(* Let $S\ge 2$, $\mathcal S=\{1,\dots,S\}$ and $T=3$. The union of the following two sets of moves is a Markov basis for the toric homogeneous Markov chain model on $\mathcal S^3$. (1) Crossing path swappings: for paths $\omega=(s_1,s_2,s_3)$, $\omega'=(s'_1,s'_2,s'_3)$ with $s_t=s'_t$ for some $t$, the move $e_\omega+e_{\omega'}-e_{\tilde\omega}-e_{\tilde\omega'}$ with $\tilde\omega=(s_1,\dots,s_t,s'_{t+1},\dots,s'_3)$, $\tilde\omega'=(s'_1,\dots,s'_t,s_{t+1},\dots,s_3)$. (2) $m$ by $m$ permutations $\mathcal Z(i_1,\dots,i_m;j_1,\dots,j_m)$, for all $m=2,\dots,S$, all distinct $i_1,\dots,i_m\in\mathcal S$ and all distinct $j_1,\dots,j_m\in\mathcal S$: setting $j_0:=j_m$, for arbitrary states $a_1,\dots,a_m,b_1,\dots,b_m\in\mathcal S$ these are the moves $$\sum_{l=1}^m\Big(e_{(i_l,j_l,a_l)}+e_{(b_l,i_l,j_{l-1})}-e_{(i_l,j_{l-1},a_{\sigma(l)})}-e_{(b_l,i_l,j_l)}\Big),$$ where $\sigma(l)=l-1$ for $l\ge2$ and $\sigma(1)=m$. In words: the transitions $i_1\to j_1,\dots,i_m\to j_m$ at time $1$ are exchanged with the transitions $i_1\to j_m, i_2\to j_1,\dots,i_m\to j_{m-1}$ at time $2$.
   Context: Paths are elements $\omega=(\omega_1,\omega_2,\omega_3)$ of $\mathcal S^3$; a contingency table is a function $\mathbf x:\mathcal S^3\to\mathbb Z_{\ge 0}$, and $e_\omega$ denotes the table with a single path $\omega$. The toric homogeneous Markov chain (THMC) model assigns $p(\omega)=c\,\gamma_{\omega_1}\beta_{\omega_1\omega_2}\beta_{\omega_2\omega_3}$ with free nonnegative parameters; its sufficient statistic for a table $\mathbf x$ is $\mathbf b(\mathbf x)=A\mathbf x$ consisting of the initial-state counts $x^1_i=\sum_{\omega:\omega_1=i}x(\omega)$ and the total transition counts $x^+_{ij}=\sum_\omega x(\omega)\,\#\{t\in\{1,2\}:\omega_t=i,\omega_{t+1}=j\}$. The fiber of $\mathbf b$ is $\{\mathbf x\ge 0 \text{ integer}: A\mathbf x=\mathbf b\}$. A move is an integer function $\mathbf z$ with $A\mathbf z=0$. A set $\mathcal B$ of moves is a Markov basis if for every $\mathbf b$ and every $\mathbf x,\mathbf y$ in the fiber of $\mathbf b$ there are $\mathbf z_1,\dots,\mathbf z_K\in\mathcal B\cup(-\mathcal B)$ with $\mathbf y=\mathbf x+\sum_{k}\mathbf z_k$ and all partial sums $\mathbf x+\sum_{k\le h}\mathbf z_k\ge0$. *)

theory Defs
  imports Main
begin

type_synonym path = "nat \<times> nat \<times> nat"
type_synonym table = "path \<Rightarrow> int"

definition states :: "nat \<Rightarrow> nat set" where
  "states S = {1..S}"

definition paths :: "nat \<Rightarrow> path set" where
  "paths S = states S \<times> states S \<times> states S"

fun pcomp :: "path \<Rightarrow> nat \<Rightarrow> nat" where
  "pcomp (a, b, c) t = (if t = 1 then a else if t = 2 then b else c)"

definition e :: "path \<Rightarrow> table" where
  "e w = (\<lambda>v. if v = w then 1 else 0)"

text \<open>Sufficient statistic: initial-state counts and total transition counts.\<close>
definition init_count :: "nat \<Rightarrow> table \<Rightarrow> nat \<Rightarrow> int" where
  "init_count S x i = (\<Sum>w\<in>{w\<in>paths S. pcomp w 1 = i}. x w)"

definition trans_count :: "nat \<Rightarrow> table \<Rightarrow> nat \<Rightarrow> nat \<Rightarrow> int" where
  "trans_count S x i j =
     (\<Sum>w\<in>paths S. x w * int (card {t\<in>{1,2}. pcomp w t = i \<and> pcomp w (t+1) = j}))"

definition same_stat :: "nat \<Rightarrow> table \<Rightarrow> table \<Rightarrow> bool" where
  "same_stat S x y \<longleftrightarrow>
     (\<forall>i\<in>states S. init_count S x i = init_count S y i) \<and>
     (\<forall>i\<in>states S. \<forall>j\<in>states S. trans_count S x i j = trans_count S y i j)"

definition supported :: "nat \<Rightarrow> table \<Rightarrow> bool" where
  "supported S x \<longleftrightarrow> (\<forall>w. w \<notin> paths S \<longrightarrow> x w = 0)"

definition cont_table :: "nat \<Rightarrow> table \<Rightarrow> bool" where
  "cont_table S x \<longleftrightarrow> supported S x \<and> (\<forall>w. 0 \<le> x w)"

definition is_move :: "nat \<Rightarrow> table \<Rightarrow> bool" where
  "is_move S z \<longleftrightarrow> supported S z \<and> same_stat S z (\<lambda>_. 0)"

definition markov_basis :: "nat \<Rightarrow> table set \<Rightarrow> bool" where
  "markov_basis S B \<longleftrightarrow>
     (\<forall>z\<in>B. is_move S z) \<and>
     (\<forall>x y. cont_table S x \<and> cont_table S y \<and> same_stat S x y \<longrightarrow>
        (\<exists>zs. set zs \<subseteq> B \<union> (\<lambda>z. (\<lambda>w. - z w)) ` B \<and>
              (\<forall>w. y w = x w + (\<Sum>k<length zs. (zs ! k) w)) \<and>
              (\<forall>h\<le>length zs. \<forall>w. 0 \<le> x w + (\<Sum>k<h. (zs ! k) w))))"

definition swap_path :: "nat \<Rightarrow> path \<Rightarrow> path \<Rightarrow> path" where
  "swap_path t w w' =
     (let c = (\<lambda>k. if k \<le> t then pcomp w k else pcomp w' k) in (c 1, c 2, c 3))"

definition crossing_swaps :: "nat \<Rightarrow> table set" where
  "crossing_swaps S = {(\<lambda>v. e w v + e w' v - e (swap_path t w w') v - e (swap_path t w' w) v)
     | w w' t. w \<in> paths S \<and> w' \<in> paths S \<and> t \<in> {1,2,3} \<and> pcomp w t = pcomp w' t}"

definition perm_move :: "nat \<Rightarrow> (nat \<Rightarrow> nat) \<Rightarrow> (nat \<Rightarrow> nat) \<Rightarrow> (nat \<Rightarrow> nat) \<Rightarrow> (nat \<Rightarrow> nat) \<Rightarrow> table" where
  "perm_move m i j a b =
     (let jprev = (\<lambda>l. if l = 1 then j m else j (l - 1));
          sig = (\<lambda>l. if l = 1 then m else l - 1)
      in (\<lambda>v. \<Sum>l\<in>{1..m}. e (i l, j l, a l) v + e (b l, i l, jprev l) v
                          - e (i l, jprev l, a (sig l)) v - e (b l, i l, j l) v))"

definition perm_moves :: "nat \<Rightarrow> table set" where
  "perm_moves S = {perm_move m i j a b | m i j a b.
     2 \<le> m \<and> m \<le> S \<and>
     inj_on i {1..m} \<and> i ` {1..m} \<subseteq> states S \<and>
     inj_on j {1..m} \<and> j ` {1..m} \<subseteq> states S \<and>
     a ` {1..m} \<subseteq> states S \<and> b ` {1..m} \<subseteq> states S}"

end

theory Submission
  imports Defs
begin
(* Let $\mathcal H_k$ be a family of $k$-wise independent functions $[n]\to[n]$ with $k\ge 2\log n$. Let $t<n/2$, let $j=\lfloor \log(n/2t)\rfloor$, and let $T=\{x_1,\dots,x_t\}\subseteq[n]$ be a set of $t$ distinct cards (the cards remaining in the deck, with $x_1$ the next card to be drawn). For $h\in\mathcal H_k$ let $S^h_j=\{x\in[n] : 2^{j-1} < h(x)\le 2^j\}$. Then $$\Pr_{h\sim\mathcal H_k}\Big[S^h_j\cap T=\{x_1\}\ \Big|\ |S^h_j\cap T|=1\Big]\ \ge\ \frac{1}{t+o(1)},$$ where $o(1)\to 0$ as $n\to\infty$.
   Context: A family $\mathcal H_k$ of functions $h:[n]\to[n]$ is $k$-wise independent if for every $k$ distinct $x_1,\dots,x_k\in[n]$ and every $y_1,\dots,y_k\in[n]$, $\Pr_{h\sim\mathcal H_k}[(h(x_1),\dots,h(x_k))=(y_1,\dots,y_k)]=n^{-k}$. $\log$ is base 2. *)

theory Defs
  imports "HOL-Probability.Probability" "HOL-Library.FuncSet"
begin

text \<open>[n] is rendered as {1..n}. A family of functions [n] -> [n] is a finite nonempty
set of extensional functions; h is drawn uniformly from it.\<close>

definition kwise_indep :: "nat \<Rightarrow> nat \<Rightarrow> (nat \<Rightarrow> nat) set \<Rightarrow> bool" where
  "kwise_indep n k H \<longleftrightarrow>
     finite H \<and> H \<noteq> {} \<and> H \<subseteq> {1..n} \<rightarrow>\<^sub>E {1..n} \<and>
     (\<forall>xs ys. length xs = k \<and> length ys = k \<and> distinct xs \<and>
        set xs \<subseteq> {1..n} \<and> set ys \<subseteq> {1..n} \<longrightarrow>
        measure_pmf.prob (pmf_of_set H) {h. map h xs = ys} = 1 / real n ^ k)"

definition level_set :: "nat \<Rightarrow> (nat \<Rightarrow> nat) \<Rightarrow> nat \<Rightarrow> nat set" where
  "level_set n h j = {x \<in> {1..n}. 2 powr (real j - 1) < real (h x) \<and> real (h x) \<le> 2 ^ j}"

definition cond_prob :: "(nat \<Rightarrow> nat) set \<Rightarrow> ((nat \<Rightarrow> nat) \<Rightarrow> bool) \<Rightarrow> ((nat \<Rightarrow> nat) \<Rightarrow> bool) \<Rightarrow> real" where
  "cond_prob H A B = measure_pmf.prob (pmf_of_set H) {h. A h \<and> B h} /
                      measure_pmf.prob (pmf_of_set H) {h. B h}"

end

theory Submission
  imports Defs
begin

text \<open>Let L = (2^(j-1), 2^j] be the level interval and p = |L|/n, so that 2tp \<le> 1.
  That x is the only card of T hashed into L means h x \<in> L and h y \<notin> L for the other
  t - 1 cards. The Bonferroni inequalities bound the number of such h from above and below by
  truncations of the inclusion-exclusion expansion of |H| p (1 - p)^(t-1); each term concerns at
  most k points, so k-wise independence evaluates it exactly. These bounds do not depend on x,
  and truncating after r and r - 1 terms (r odd, r close to k) they differ by
  |H| C(t-1,r) p^(r+1) \<le> |H| p 2^(-r), a 2^(1-r) fraction of the count itself (which is
  at least |H| p/2). So all t cards are almost equally likely to be the unique one, and the
  conditional probability for x1 is at least 1/(t (1 + 2^(1-r))) \<ge> 1/(t + 4/n), as 2^k \<ge> n^2.\<close>

lemma sum_subsets_by_card:
  fixes g :: "nat \<Rightarrow> 'b::comm_semiring_1"
  assumes "finite A"
  shows "(\<Sum>U | U \<subseteq> A \<and> card U \<le> r. g (card U)) = (\<Sum>i\<le>r. of_nat (card A choose i) * g i)"
proof -
  have fin: "finite {U. U \<subseteq> A \<and> card U \<le> r}"
    using assms by simp
  have "(\<Sum>U | U \<subseteq> A \<and> card U \<le> r. g (card U))
      = (\<Sum>i\<le>r. \<Sum>U | U \<in> {U. U \<subseteq> A \<and> card U \<le> r} \<and> card U = i. g (card U))"
    by (rule sum.group[symmetric]) (use fin in auto)
  also have "\<dots> = (\<Sum>i\<le>r. \<Sum>U | U \<subseteq> A \<and> card U = i. g i)"
    by (intro sum.cong) auto
  also have "\<dots> = (\<Sum>i\<le>r. of_nat (card A choose i) * g i)"
    using n_subsets[OF assms] by simp
  finally show ?thesis .
qed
◆ ◆ ◆ ◆
** What you need to do **
The required output is the lines from the one holding "truncations of the" through the last line of the entries above, copied exactly.

** Answer **
  truncations of the inclusion-exclusion expansion of |H| p (1 - p)^(t-1); each term concerns at
  most k points, so k-wise independence evaluates it exactly. These bounds do not depend on x,
  and truncating after r and r - 1 terms (r odd, r close to k) they differ by
  |H| C(t-1,r) p^(r+1) \<le> |H| p 2^(-r), a 2^(1-r) fraction of the count itself (which is
  at least |H| p/2). So all t cards are almost equally likely to be the unique one, and the
  conditional probability for x1 is at least 1/(t (1 + 2^(1-r))) \<ge> 1/(t + 4/n), as 2^k \<ge> n^2.\<close>

lemma sum_subsets_by_card:
  fixes g :: "nat \<Rightarrow> 'b::comm_semiring_1"
  assumes "finite A"
  shows "(\<Sum>U | U \<subseteq> A \<and> card U \<le> r. g (card U)) = (\<Sum>i\<le>r. of_nat (card A choose i) * g i)"
proof -
  have fin: "finite {U. U \<subseteq> A \<and> card U \<le> r}"
    using assms by simp
  have "(\<Sum>U | U \<subseteq> A \<and> card U \<le> r. g (card U))
      = (\<Sum>i\<le>r. \<Sum>U | U \<in> {U. U \<subseteq> A \<and> card U \<le> r} \<and> card U = i. g (card U))"
    by (rule sum.group[symmetric]) (use fin in auto)
  also have "\<dots> = (\<Sum>i\<le>r. \<Sum>U | U \<subseteq> A \<and> card U = i. g i)"
    by (intro sum.cong) auto
  also have "\<dots> = (\<Sum>i\<le>r. of_nat (card A choose i) * g i)"
    using n_subsets[OF assms] by simp
  finally show ?thesis .
qed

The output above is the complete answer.